- DIRECTIONS FOR THIS TASK: In the listing below, find the line with "v then \<alpha>" and the line with "S) \<longrightarrow> \<pi> x y = 0)". Repeat those two lines and all lines between them exactly.

Top of TASK INPUTS

(* Let $G=(V,E)$ be a simple, undirected, unweighted, connected, locally finite graph. Then for every edge $i\sim j$, $$\kappa(i,j)\ \ge\ \mathrm{Ric}(i,j).$$
   Context: $d_v$ is the degree of $v$, $S_1(v)$ its set of neighbours, $d_G$ the shortest-path distance. For an edge $i\sim j$: $\sharp_\Delta(i,j)=S_1(i)\cap S_1(j)$; $\sharp_\square^i(i,j)=\{k\in S_1(i)\setminus (S_1(j)\cup\{j\}) : \exists\, w\in (S_1(k)\cap S_1(j))\setminus (S_1(i)\cup\{i\})\}$ and $\sharp_\square^j(i,j)$ symmetrically; $\gamma_{\max}(i,j)=\max\big\{\max_{k\in\sharp_\square^i}|(S_1(k)\cap S_1(j))\setminus(S_1(i)\cup\{i\})|,\ \max_{w\in\sharp_\square^j}|(S_1(w)\cap S_1(i))\setminus(S_1(j)\cup\{j\})|\big\}$. Balanced Forman curvature: $\mathrm{Ric}(i,j)=0$ if $\min\{d_i,d_j\}=1$; otherwise $$\mathrm{Ric}(i,j)=\frac{2}{d_i}+\frac{2}{d_j}-2+\frac{2|\sharp_\Delta|}{\max\{d_i,d_j\}}+\frac{|\sharp_\Delta|}{\min\{d_i,d_j\}}+\frac{\gamma_{\max}^{-1}}{\max\{d_i,d_j\}}\big(|\sharp_\square^i|+|\sharp_\square^j|\big),$$ where the last term is $0$ if $\sharp_\square^i=\emptyset$. Ollivier curvature: for $\alpha\in[0,1)$ let $\mu_v^\alpha$ be the probability measure with mass $\alpha$ at $v$, $(1-\alpha)/d_v$ at each neighbour of $v$, and $0$ elsewhere; $W_1$ is the $L^1$-Wasserstein (transportation) distance with respect to $d_G$; $\kappa(i,j)=\lim_{\alpha\to1}\frac{1-W_1(\mu_i^\alpha,\mu_j^\alpha)}{1-\alpha}$. *)

theory Defs
  imports "HOL-Analysis.Analysis"
begin

text \<open>A graph on vertex type 'a (vertex set = UNIV) is given by an adjacency relation E.\<close>

definition simple_graph :: "('a \<Rightarrow> 'a \<Rightarrow> bool) \<Rightarrow> bool" where
  "simple_graph E \<longleftrightarrow> (\<forall>x y. E x y \<longrightarrow> E y x) \<and> (\<forall>x. \<not> E x x)"

definition locally_finite :: "('a \<Rightarrow> 'a \<Rightarrow> bool) \<Rightarrow> bool" where
  "locally_finite E \<longleftrightarrow> (\<forall>x. finite {y. E x y})"

definition connected_graph :: "('a \<Rightarrow> 'a \<Rightarrow> bool) \<Rightarrow> bool" where
  "connected_graph E \<longleftrightarrow> (\<forall>x y. E\<^sup>*\<^sup>* x y)"

definition nbrs :: "('a \<Rightarrow> 'a \<Rightarrow> bool) \<Rightarrow> 'a \<Rightarrow> 'a set" where
  "nbrs E v = {u. E v u}"

definition deg :: "('a \<Rightarrow> 'a \<Rightarrow> bool) \<Rightarrow> 'a \<Rightarrow> nat" where
  "deg E v = card (nbrs E v)"

definition gdist :: "('a \<Rightarrow> 'a \<Rightarrow> bool) \<Rightarrow> 'a \<Rightarrow> 'a \<Rightarrow> nat" where
  "gdist E x y = (LEAST n. (E ^^ n) x y)"

definition tri :: "('a \<Rightarrow> 'a \<Rightarrow> bool) \<Rightarrow> 'a \<Rightarrow> 'a \<Rightarrow> 'a set" where
  "tri E i j = nbrs E i \<inter> nbrs E j"

definition sqw :: "('a \<Rightarrow> 'a \<Rightarrow> bool) \<Rightarrow> 'a \<Rightarrow> 'a \<Rightarrow> 'a \<Rightarrow> 'a set" where
  "sqw E i j k = (nbrs E k \<inter> nbrs E j) - (nbrs E i \<union> {i})"

definition sq :: "('a \<Rightarrow> 'a \<Rightarrow> bool) \<Rightarrow> 'a \<Rightarrow> 'a \<Rightarrow> 'a set" where
  "sq E i j = {k \<in> nbrs E i - (nbrs E j \<union> {j}). \<exists>w. w \<in> sqw E i j k}"

definition gamma_max :: "('a \<Rightarrow> 'a \<Rightarrow> bool) \<Rightarrow> 'a \<Rightarrow> 'a \<Rightarrow> nat" where
  "gamma_max E i j = max (Max ((\<lambda>k. card (sqw E i j k)) ` sq E i j))
                         (Max ((\<lambda>w. card (sqw E j i w)) ` sq E j i))"

definition bfc :: "('a \<Rightarrow> 'a \<Rightarrow> bool) \<Rightarrow> 'a \<Rightarrow> 'a \<Rightarrow> real" where
  "bfc E i j =
    (let di = real (deg E i); dj = real (deg E j) in
     if min di dj = 1 then 0
     else 2 / di + 2 / dj - 2
          + 2 * real (card (tri E i j)) / max di dj
          + real (card (tri E i j)) / min di dj
          + (if sq E i j = {} then 0
             else (inverse (real (gamma_max E i j)) / max di dj)
                  * (real (card (sq E i j)) + real (card (sq E j i)))))"

definition mu :: "('a \<Rightarrow> 'a \<Rightarrow> bool) \<Rightarrow> real \<Rightarrow> 'a \<Rightarrow> 'a \<Rightarrow> real" where
  "mu E \<alpha> v x = (if x = v then \<alpha> else if E v x then (1 - \<alpha>) / real (deg E v) else 0)"

definition couplings :: "'a set \<Rightarrow> ('a \<Rightarrow> real) \<Rightarrow> ('a \<Rightarrow> real) \<Rightarrow> ('a \<Rightarrow> 'a \<Rightarrow> real) set" where
  "couplings S m1 m2 = {\<pi>. (\<forall>x y. 0 \<le> \<pi> x y) \<and> (\<forall>x y. (x \<notin> S \<or> y \<notin> S) \<longrightarrow> \<pi> x y = 0)
       \<and> (\<forall>x\<in>S. (\<Sum>y\<in>S. \<pi> x y) = m1 x) \<and> (\<forall>y\<in>S. (\<Sum>x\<in>S. \<pi> x y) = m2 y)}"

definition W1 :: "('a \<Rightarrow> 'a \<Rightarrow> bool) \<Rightarrow> ('a \<Rightarrow> real) \<Rightarrow> ('a \<Rightarrow> real) \<Rightarrow> real" where
  "W1 E m1 m2 =
    (let S = {x. m1 x \<noteq> 0} \<union> {x. m2 x \<noteq> 0} in
     Inf ((\<lambda>\<pi>. \<Sum>x\<in>S. \<Sum>y\<in>S. \<pi> x y * real (gdist E x y)) ` couplings S m1 m2))"

definition ollivier :: "('a \<Rightarrow> 'a \<Rightarrow> bool) \<Rightarrow> 'a \<Rightarrow> 'a \<Rightarrow> real" where
  "ollivier E i j = Lim (at_left 1) (\<lambda>\<alpha>. (1 - W1 E (mu E \<alpha> i) (mu E \<alpha> j)) / (1 - \<alpha>))"

end

theory Submission
  imports Defs
begin

(* The quotient (1 - W1(mu_i^alpha, mu_j^alpha)) / (1 - alpha) is nondecreasing in the laziness
   alpha and bounded by 2, so the Ollivier curvature is its limit and dominates its value at
   alpha = 1/2.  For deg i <= deg j an explicit transport plan between the 1/2-lazy measures costs
   at most 1 - Ric(i,j)/2; the case deg i > deg j follows since both curvatures are symmetric. *)

definition transport_cost :: "('a \<Rightarrow> 'a \<Rightarrow> bool) \<Rightarrow> 'a set \<Rightarrow> ('a \<Rightarrow> 'a \<Rightarrow> real) \<Rightarrow> real" where
  "transport_cost E S \<pi> = (\<Sum>x\<in>S. \<Sum>y\<in>S. \<pi> x y * real (gdist E x y))"

lemma transport_cost_add:
  "transport_cost E S (\<lambda>x y. \<pi> x y + \<sigma> x y) = transport_cost E S \<pi> + transport_cost E S \<sigma>"
  unfolding transport_cost_def by (simp add: algebra_simps sum.distrib)

lemma transport_cost_scale:
  "transport_cost E S (\<lambda>x y. t * \<pi> x y) = t * transport_cost E S \<pi>"
  unfolding transport_cost_def by (simp add: sum_distrib_left mult.assoc)

lemma transport_cost_nonneg: "\<pi> \<in> couplings S m1 m2 \<Longrightarrow> 0 \<le> transport_cost E S \<pi>"
  unfolding couplings_def transport_cost_def by (auto intro!: sum_nonneg)

lemma transport_cost_le_row_bound:
  assumes "\<pi> \<in> couplings S m1 m2"
    and "\<And>x y. x \<in> S \<Longrightarrow> y \<in> S \<Longrightarrow> \<pi> x y \<noteq> 0 \<Longrightarrow> real (gdist E x y) \<le> h x"
  shows "transport_cost E S \<pi> \<le> (\<Sum>x\<in>S. m1 x * h x)"
proof -
  have nonneg: "0 \<le> \<pi> x y" for x y using assms(1) unfolding couplings_def by blast
  have "transport_cost E S \<pi> \<le> (\<Sum>x\<in>S. \<Sum>y\<in>S. \<pi> x y * h x)"
    unfolding transport_cost_def
    by (intro sum_mono) (metis assms(2) mult_eq_0_iff mult_left_mono nonneg)
  also have "\<dots> = (\<Sum>x\<in>S. m1 x * h x)"
    using assms(1) unfolding couplings_def by (simp add: sum_distrib_right[symmetric])
  finally show ?thesis .
qed

lemma W1_le_transport_cost:
  assumes "S = {x. m1 x \<noteq> 0} \<union> {x. m2 x \<noteq> 0}" and "\<pi> \<in> couplings S m1 m2"
  shows "W1 E m1 m2 \<le> transport_cost E S \<pi>"
  unfolding W1_def Let_def assms(1)[symmetric] transport_cost_def[symmetric]
  using assms(2) by (intro cInf_lower bdd_belowI[where m=0]) (auto intro: transport_cost_nonneg)

lemma W1_ge:
  assumes "S = {x. m1 x \<noteq> 0} \<union> {x. m2 x \<noteq> 0}" and "couplings S m1 m2 \<noteq> {}"
    and "\<And>\<pi>. \<pi> \<in> couplings S m1 m2 \<Longrightarrow> L \<le> transport_cost E S \<pi>"
  shows "L \<le> W1 E m1 m2"
  unfolding W1_def Let_def assms(1)[symmetric] transport_cost_def[symmetric]
  using assms(2,3) by (intro cInf_greatest) auto

lemma couplings_add:
  assumes "\<pi> \<in> couplings S m1 m2" and "\<sigma> \<in> couplings S n1 n2"
  shows "(\<lambda>x y. \<pi> x y + \<sigma> x y) \<in> couplings S (\<lambda>x. m1 x + n1 x) (\<lambda>y. m2 y + n2 y)"
  using assms unfolding couplings_def by (auto simp: sum.distrib)

lemma couplings_scale:
  assumes "\<pi> \<in> couplings S m1 m2" and "0 \<le> t"
  shows "(\<lambda>x y. t * \<pi> x y) \<in> couplings S (\<lambda>x. t * m1 x) (\<lambda>y. t * m2 y)"
  using assms unfolding couplings_def by (auto simp: sum_distrib_left[symmetric])

lemma couplings_swap: "\<pi> \<in> couplings S m1 m2 \<Longrightarrow> (\<lambda>x y. \<pi> y x) \<in> couplings S m2 m1"
  unfolding couplings_def by auto

lemma couplings_of_marginals:
  assumes "\<And>x y. 0 \<le> \<pi> x y" and "\<And>x y. x \<notin> S \<or> y \<notin> S \<Longrightarrow> \<pi> x y = 0"
  shows "\<pi> \<in> couplings S (\<lambda>x. \<Sum>y\<in>S. \<pi> x y) (\<lambda>y. \<Sum>x\<in>S. \<pi> x y)"
  using assms unfolding couplings_def by auto

lemma couplings_point_mass:
  assumes "finite S" "i \<in> S" "j \<in> S" "0 \<le> c"
  shows "(\<lambda>x y. if x = i \<and> y = j then c else 0)
           \<in> couplings S (\<lambda>x. if x = i then c else 0) (\<lambda>y. if y = j then c else 0)"
  using assms unfolding couplings_def by auto

lemma couplings_diagonal:
  assumes "finite S" and "\<And>x. 0 \<le> h x" and "\<And>x. x \<notin> S \<Longrightarrow> h x = 0"
  shows "(\<lambda>x y. if x = y then h x else 0) \<in> couplings S h h"
  using assms unfolding couplings_def by auto

lemma couplings_product:
  assumes S: "finite S" and nonneg: "\<And>x. 0 \<le> s x" "\<And>y. 0 \<le> r y"
    and vanish: "\<And>x. x \<notin> S \<Longrightarrow> s x = 0" "\<And>y. y \<notin> S \<Longrightarrow> r y = 0"
    and balanced: "sum s S = sum r S"
  shows "(\<lambda>x y. s x * r y / sum r S) \<in> couplings S s r"
proof (cases "sum r S = 0")
  case True
  then have "\<forall>x\<in>S. s x = 0" "\<forall>y\<in>S. r y = 0"
    using balanced sum_nonneg_eq_0_iff[OF S] nonneg by metis+
  then show ?thesis using nonneg vanish unfolding couplings_def by auto
next
  case False
  have "0 \<le> sum r S" using nonneg by (simp add: sum_nonneg)
  with False show ?thesis using nonneg vanish balanced unfolding couplings_def
    by (auto simp: sum_divide_distrib[symmetric] sum_distrib_left[symmetric]
        sum_distrib_right[symmetric])
qed

lemma gdist_le_relpowp: "(E ^^ n) x y \<Longrightarrow> gdist E x y \<le> n"
  unfolding gdist_def by (rule Least_le)

lemma gdist_edge_le: "E x y \<Longrightarrow> gdist E x y \<le> 1"
  by (metis gdist_le_relpowp relpowp_1)

lemma gdist_path2_le: "E x z \<Longrightarrow> E z y \<Longrightarrow> gdist E x y \<le> 2"
  by (rule gdist_le_relpowp) (force simp: numeral_2_eq_2)

lemma gdist_path3_le: "E x z \<Longrightarrow> E z w \<Longrightarrow> E w y \<Longrightarrow> gdist E x y \<le> 3"
  by (rule gdist_le_relpowp) (force simp: numeral_3_eq_3)

lemma gdist_refl: "gdist E x x = 0"
  using gdist_le_relpowp[where n = 0 and E = E and x = x and y = x] by simp

lemma mu_lazy_mix:
  assumes "1 - \<beta> = t * (1 - \<alpha>)"
  shows "mu E \<beta> v x = t * mu E \<alpha> v x + (1 - t) * (if x = v then 1 else 0)"
proof -
  have "\<beta> = t * \<alpha> + (1 - t)" using assms by (simp add: algebra_simps)
  then show ?thesis unfolding mu_def using assms by (auto simp: mult.assoc[symmetric])
qed

lemma mu_nonneg: "0 \<le> \<alpha> \<Longrightarrow> \<alpha> \<le> 1 \<Longrightarrow> 0 \<le> mu E \<alpha> v x"
  unfolding mu_def by auto

locale graph =
  fixes E :: "'a \<Rightarrow> 'a \<Rightarrow> bool"
  assumes simple: "simple_graph E" and locally_finite: "locally_finite E"
    and connected: "connected_graph E"
begin

lemma sym: "E x y \<Longrightarrow> E y x"
  using simple unfolding simple_graph_def by blast

lemma irrefl: "\<not> E x x"
  using simple unfolding simple_graph_def by blast

lemma finite_nbrs: "finite (nbrs E x)"
  using locally_finite unfolding locally_finite_def nbrs_def by blast

lemma deg_pos: "E v w \<Longrightarrow> 0 < deg E v"
  unfolding deg_def using finite_nbrs[of v] by (auto simp: card_gt_0_iff nbrs_def)

lemma relpowp_sym: "(E ^^ n) x y \<Longrightarrow> (E ^^ n) y x"
proof (induction n arbitrary: y)
  case (Suc n)
  from Suc.prems obtain z where "(E ^^ n) x z" "E z y" by (rule relpowp_Suc_E)
  with Suc.IH sym show ?case by (blast intro: relpowp_Suc_I2)
qed simp

lemma gdist_commute: "gdist E x y = gdist E y x"
proof -
  have "(E ^^ n) x y = (E ^^ n) y x" for n using relpowp_sym by blast
  then show ?thesis unfolding gdist_def by simp
qed

lemma gdist_ge_1: assumes "x \<noteq> y" shows "1 \<le> gdist E x y"
proof -
  have "E\<^sup>*\<^sup>* x y" using connected unfolding connected_graph_def by blast
  then have "\<exists>n. (E ^^ n) x y" by (rule rtranclp_imp_relpowp)
  then have "(E ^^ gdist E x y) x y" unfolding gdist_def by (rule LeastI_ex)
  with assms show ?thesis by (cases "gdist E x y") auto
qed

lemma W1_commute: "W1 E m1 m2 = W1 E m2 m1"
proof -
  have cost_swap: "transport_cost E S (\<lambda>x y. \<pi> y x) = transport_cost E S \<pi>" for S \<pi>
    unfolding transport_cost_def by (subst sum.swap) (simp add: gdist_commute)
  have subset: "transport_cost E S ` couplings S n1 n2 \<subseteq> transport_cost E S ` couplings S n2 n1"
    for S n1 n2
  proof
    fix c assume "c \<in> transport_cost E S ` couplings S n1 n2"
    then obtain \<pi> where "\<pi> \<in> couplings S n1 n2" "c = transport_cost E S \<pi>" by blast
    then show "c \<in> transport_cost E S ` couplings S n2 n1"
      by (metis couplings_swap cost_swap image_eqI)
  qed
  have "transport_cost E S ` couplings S m1 m2 = transport_cost E S ` couplings S m2 m1" for S
    by (intro subset_antisym subset)
  then show ?thesis
    unfolding W1_def Let_def transport_cost_def[symmetric] by (simp add: Un_commute)
qed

Bottom of TASK INPUTS

- REPLY:
  "mu E \<alpha> v x = (if x = v then \<alpha> else if E v x then (1 - \<alpha>) / real (deg E v) else 0)"

definition couplings :: "'a set \<Rightarrow> ('a \<Rightarrow> real) \<Rightarrow> ('a \<Rightarrow> real) \<Rightarrow> ('a \<Rightarrow> 'a \<Rightarrow> real) set" where
  "couplings S m1 m2 = {\<pi>. (\<forall>x y. 0 \<le> \<pi> x y) \<and> (\<forall>x y. (x \<notin> S \<or> y \<notin> S) \<longrightarrow> \<pi> x y = 0)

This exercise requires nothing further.